Data shown:

|---|

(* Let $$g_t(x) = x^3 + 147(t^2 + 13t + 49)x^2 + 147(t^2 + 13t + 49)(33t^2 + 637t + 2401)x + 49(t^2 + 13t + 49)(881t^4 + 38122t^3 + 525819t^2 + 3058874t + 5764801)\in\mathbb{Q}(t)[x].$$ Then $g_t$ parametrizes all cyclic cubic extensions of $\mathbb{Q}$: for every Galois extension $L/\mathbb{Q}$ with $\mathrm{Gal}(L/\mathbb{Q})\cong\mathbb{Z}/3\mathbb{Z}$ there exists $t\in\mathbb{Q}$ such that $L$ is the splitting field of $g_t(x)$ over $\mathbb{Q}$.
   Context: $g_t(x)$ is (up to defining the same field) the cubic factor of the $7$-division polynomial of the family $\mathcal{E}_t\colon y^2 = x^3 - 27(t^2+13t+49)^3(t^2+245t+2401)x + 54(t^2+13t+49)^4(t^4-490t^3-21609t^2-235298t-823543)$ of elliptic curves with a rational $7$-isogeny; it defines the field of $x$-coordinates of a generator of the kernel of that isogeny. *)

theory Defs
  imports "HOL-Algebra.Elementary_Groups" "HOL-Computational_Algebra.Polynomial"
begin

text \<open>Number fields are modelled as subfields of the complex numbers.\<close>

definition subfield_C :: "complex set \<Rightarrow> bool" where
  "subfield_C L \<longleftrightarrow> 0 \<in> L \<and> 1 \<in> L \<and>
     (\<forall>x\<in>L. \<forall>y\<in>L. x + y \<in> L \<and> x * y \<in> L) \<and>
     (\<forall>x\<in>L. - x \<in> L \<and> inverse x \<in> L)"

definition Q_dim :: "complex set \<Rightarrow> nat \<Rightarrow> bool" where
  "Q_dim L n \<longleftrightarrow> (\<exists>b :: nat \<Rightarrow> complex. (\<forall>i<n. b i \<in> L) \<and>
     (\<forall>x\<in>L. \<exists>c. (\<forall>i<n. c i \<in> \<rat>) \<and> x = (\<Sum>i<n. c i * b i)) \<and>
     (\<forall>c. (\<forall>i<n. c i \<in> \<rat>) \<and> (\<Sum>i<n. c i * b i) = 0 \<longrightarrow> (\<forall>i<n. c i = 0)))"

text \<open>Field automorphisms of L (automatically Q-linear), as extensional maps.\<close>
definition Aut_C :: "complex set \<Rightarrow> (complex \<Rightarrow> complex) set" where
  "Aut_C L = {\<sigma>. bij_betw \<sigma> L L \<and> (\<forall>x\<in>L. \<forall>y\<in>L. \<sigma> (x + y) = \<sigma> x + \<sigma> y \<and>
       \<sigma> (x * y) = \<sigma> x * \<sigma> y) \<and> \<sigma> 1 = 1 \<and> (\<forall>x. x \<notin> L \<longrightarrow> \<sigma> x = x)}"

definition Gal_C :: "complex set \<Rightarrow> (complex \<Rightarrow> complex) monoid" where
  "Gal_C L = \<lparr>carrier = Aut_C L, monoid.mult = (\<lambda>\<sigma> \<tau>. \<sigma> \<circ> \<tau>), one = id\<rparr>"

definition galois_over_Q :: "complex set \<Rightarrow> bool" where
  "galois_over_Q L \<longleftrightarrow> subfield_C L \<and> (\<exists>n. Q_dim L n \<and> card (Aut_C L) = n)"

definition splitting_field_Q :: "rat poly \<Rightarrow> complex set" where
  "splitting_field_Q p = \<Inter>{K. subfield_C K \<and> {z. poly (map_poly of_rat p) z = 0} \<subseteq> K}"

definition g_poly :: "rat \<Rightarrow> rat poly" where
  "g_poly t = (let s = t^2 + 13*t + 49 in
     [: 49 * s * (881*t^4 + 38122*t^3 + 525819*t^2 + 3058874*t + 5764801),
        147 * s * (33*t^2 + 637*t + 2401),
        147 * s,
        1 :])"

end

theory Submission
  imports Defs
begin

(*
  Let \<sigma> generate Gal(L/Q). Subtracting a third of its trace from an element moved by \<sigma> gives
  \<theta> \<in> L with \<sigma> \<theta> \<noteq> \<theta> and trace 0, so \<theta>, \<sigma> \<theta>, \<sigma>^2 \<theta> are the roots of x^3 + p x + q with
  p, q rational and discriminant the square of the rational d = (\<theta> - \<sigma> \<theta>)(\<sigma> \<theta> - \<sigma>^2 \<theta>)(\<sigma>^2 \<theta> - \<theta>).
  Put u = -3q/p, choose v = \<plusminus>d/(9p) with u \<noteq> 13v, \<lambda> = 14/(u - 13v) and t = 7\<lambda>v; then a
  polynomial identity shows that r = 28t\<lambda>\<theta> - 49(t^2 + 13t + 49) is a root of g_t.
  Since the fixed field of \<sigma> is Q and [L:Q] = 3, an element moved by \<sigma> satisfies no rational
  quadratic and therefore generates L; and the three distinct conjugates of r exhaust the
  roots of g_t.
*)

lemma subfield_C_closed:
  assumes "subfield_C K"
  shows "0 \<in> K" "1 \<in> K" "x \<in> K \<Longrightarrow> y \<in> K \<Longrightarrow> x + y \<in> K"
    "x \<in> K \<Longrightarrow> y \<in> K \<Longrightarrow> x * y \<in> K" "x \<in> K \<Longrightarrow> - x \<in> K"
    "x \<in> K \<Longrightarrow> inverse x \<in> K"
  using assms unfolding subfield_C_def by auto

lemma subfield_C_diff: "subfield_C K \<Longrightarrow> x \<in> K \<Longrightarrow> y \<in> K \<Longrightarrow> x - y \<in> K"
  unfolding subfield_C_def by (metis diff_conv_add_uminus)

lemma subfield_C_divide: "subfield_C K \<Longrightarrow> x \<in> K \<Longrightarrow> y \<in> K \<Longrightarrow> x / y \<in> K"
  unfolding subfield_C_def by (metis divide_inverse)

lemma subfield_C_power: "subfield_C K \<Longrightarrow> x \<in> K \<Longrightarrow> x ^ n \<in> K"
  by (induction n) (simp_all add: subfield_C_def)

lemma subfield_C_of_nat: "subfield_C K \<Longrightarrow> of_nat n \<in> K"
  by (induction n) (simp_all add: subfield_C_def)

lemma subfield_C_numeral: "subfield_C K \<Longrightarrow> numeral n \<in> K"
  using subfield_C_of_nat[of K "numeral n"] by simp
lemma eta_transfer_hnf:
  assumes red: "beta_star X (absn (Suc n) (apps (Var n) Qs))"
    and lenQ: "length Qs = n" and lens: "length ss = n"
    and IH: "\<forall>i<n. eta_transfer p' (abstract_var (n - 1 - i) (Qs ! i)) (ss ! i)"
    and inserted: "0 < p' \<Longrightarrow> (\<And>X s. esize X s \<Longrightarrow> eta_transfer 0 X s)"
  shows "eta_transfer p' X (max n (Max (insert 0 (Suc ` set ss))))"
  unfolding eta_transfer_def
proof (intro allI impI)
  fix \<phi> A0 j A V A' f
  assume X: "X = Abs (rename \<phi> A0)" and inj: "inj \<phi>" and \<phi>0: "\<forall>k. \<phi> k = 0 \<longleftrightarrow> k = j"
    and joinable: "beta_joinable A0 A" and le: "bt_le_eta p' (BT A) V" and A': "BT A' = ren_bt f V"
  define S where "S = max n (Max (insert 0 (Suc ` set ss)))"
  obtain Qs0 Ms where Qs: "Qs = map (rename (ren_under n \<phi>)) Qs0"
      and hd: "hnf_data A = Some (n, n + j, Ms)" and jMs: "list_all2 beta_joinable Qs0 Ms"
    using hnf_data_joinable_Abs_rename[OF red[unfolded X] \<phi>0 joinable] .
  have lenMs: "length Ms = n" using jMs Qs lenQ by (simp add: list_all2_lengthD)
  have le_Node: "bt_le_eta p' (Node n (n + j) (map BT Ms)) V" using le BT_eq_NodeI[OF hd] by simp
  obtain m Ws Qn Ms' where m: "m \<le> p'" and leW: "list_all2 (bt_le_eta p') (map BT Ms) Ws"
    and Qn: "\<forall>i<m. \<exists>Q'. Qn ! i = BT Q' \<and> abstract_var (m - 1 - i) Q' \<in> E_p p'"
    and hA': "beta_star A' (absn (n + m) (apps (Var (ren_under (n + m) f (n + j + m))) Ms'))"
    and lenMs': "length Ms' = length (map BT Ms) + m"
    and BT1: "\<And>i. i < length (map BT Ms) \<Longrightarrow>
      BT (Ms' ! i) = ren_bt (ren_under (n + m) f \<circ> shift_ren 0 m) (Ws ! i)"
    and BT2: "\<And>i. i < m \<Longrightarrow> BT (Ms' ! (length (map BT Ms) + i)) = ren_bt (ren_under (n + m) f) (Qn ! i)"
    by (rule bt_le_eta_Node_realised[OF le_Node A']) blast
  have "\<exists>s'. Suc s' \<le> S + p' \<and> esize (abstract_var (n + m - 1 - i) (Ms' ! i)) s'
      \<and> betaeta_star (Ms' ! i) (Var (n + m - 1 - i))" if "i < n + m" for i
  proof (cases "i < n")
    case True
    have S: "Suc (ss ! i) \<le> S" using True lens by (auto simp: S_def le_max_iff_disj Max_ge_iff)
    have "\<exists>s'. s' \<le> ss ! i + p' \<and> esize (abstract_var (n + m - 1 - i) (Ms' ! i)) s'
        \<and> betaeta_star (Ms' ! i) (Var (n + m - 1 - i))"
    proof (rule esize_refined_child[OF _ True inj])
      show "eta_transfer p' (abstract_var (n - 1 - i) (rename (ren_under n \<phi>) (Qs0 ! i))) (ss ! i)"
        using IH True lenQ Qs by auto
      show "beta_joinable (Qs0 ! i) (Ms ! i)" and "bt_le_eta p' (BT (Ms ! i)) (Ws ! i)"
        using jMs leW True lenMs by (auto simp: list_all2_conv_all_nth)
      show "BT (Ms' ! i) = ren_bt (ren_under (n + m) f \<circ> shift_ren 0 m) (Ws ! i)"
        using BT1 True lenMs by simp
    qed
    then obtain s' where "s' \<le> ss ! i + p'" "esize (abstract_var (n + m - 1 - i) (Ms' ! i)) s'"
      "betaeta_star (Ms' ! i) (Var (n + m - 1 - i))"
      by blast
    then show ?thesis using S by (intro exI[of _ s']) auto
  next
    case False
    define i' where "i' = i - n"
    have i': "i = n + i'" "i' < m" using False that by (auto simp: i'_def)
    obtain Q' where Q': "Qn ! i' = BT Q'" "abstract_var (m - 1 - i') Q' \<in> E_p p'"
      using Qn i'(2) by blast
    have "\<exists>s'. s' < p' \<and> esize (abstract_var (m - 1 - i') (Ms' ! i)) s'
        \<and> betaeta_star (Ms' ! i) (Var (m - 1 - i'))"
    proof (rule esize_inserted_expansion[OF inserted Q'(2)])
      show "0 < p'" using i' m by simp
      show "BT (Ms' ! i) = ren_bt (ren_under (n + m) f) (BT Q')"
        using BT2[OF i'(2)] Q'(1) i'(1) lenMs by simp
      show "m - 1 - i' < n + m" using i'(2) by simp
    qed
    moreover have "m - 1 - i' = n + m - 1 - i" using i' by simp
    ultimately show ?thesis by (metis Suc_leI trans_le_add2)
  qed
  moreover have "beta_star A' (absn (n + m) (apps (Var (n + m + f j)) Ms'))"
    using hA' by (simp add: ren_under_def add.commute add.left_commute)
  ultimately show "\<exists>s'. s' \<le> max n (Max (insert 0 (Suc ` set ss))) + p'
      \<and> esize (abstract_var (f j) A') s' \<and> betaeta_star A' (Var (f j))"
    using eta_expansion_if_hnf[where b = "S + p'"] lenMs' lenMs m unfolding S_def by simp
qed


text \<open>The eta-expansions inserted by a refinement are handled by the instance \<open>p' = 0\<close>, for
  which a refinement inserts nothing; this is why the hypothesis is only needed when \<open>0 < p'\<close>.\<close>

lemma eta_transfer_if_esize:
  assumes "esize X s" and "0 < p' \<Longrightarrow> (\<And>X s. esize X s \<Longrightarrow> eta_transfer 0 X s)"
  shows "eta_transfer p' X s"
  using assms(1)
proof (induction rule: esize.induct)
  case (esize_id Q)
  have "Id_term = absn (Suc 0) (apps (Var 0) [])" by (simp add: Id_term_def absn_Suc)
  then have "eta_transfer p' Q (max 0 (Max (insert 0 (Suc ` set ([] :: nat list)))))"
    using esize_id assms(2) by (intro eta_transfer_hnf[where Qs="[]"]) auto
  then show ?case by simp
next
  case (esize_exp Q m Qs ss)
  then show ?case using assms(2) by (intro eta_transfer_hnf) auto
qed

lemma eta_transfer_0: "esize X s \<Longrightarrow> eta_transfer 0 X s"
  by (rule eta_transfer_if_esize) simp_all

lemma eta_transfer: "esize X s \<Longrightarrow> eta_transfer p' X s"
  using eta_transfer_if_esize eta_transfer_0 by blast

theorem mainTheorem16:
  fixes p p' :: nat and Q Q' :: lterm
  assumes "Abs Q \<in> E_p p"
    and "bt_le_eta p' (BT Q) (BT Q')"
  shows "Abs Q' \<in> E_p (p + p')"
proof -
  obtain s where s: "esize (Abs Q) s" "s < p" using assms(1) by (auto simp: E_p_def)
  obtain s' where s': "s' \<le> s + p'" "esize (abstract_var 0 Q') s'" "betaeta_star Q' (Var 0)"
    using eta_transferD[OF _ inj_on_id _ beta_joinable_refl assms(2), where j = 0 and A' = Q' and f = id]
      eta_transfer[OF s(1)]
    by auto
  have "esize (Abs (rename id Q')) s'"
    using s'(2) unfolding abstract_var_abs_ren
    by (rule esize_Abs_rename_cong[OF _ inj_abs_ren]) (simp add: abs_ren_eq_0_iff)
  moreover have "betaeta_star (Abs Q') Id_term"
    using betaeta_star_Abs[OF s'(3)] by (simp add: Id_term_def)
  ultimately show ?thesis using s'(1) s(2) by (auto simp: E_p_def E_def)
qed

|---|

Task to complete: Take the first line of the material above as the start and the line that contains "theory Defs" as the end. Output only that span, every line exactly as it stands.

Exercise output:
(* Let $$g_t(x) = x^3 + 147(t^2 + 13t + 49)x^2 + 147(t^2 + 13t + 49)(33t^2 + 637t + 2401)x + 49(t^2 + 13t + 49)(881t^4 + 38122t^3 + 525819t^2 + 3058874t + 5764801)\in\mathbb{Q}(t)[x].$$ Then $g_t$ parametrizes all cyclic cubic extensions of $\mathbb{Q}$: for every Galois extension $L/\mathbb{Q}$ with $\mathrm{Gal}(L/\mathbb{Q})\cong\mathbb{Z}/3\mathbb{Z}$ there exists $t\in\mathbb{Q}$ such that $L$ is the splitting field of $g_t(x)$ over $\mathbb{Q}$.
   Context: $g_t(x)$ is (up to defining the same field) the cubic factor of the $7$-division polynomial of the family $\mathcal{E}_t\colon y^2 = x^3 - 27(t^2+13t+49)^3(t^2+245t+2401)x + 54(t^2+13t+49)^4(t^4-490t^3-21609t^2-235298t-823543)$ of elliptic curves with a rational $7$-isogeny; it defines the field of $x$-coordinates of a generator of the kernel of that isogeny. *)

theory Defs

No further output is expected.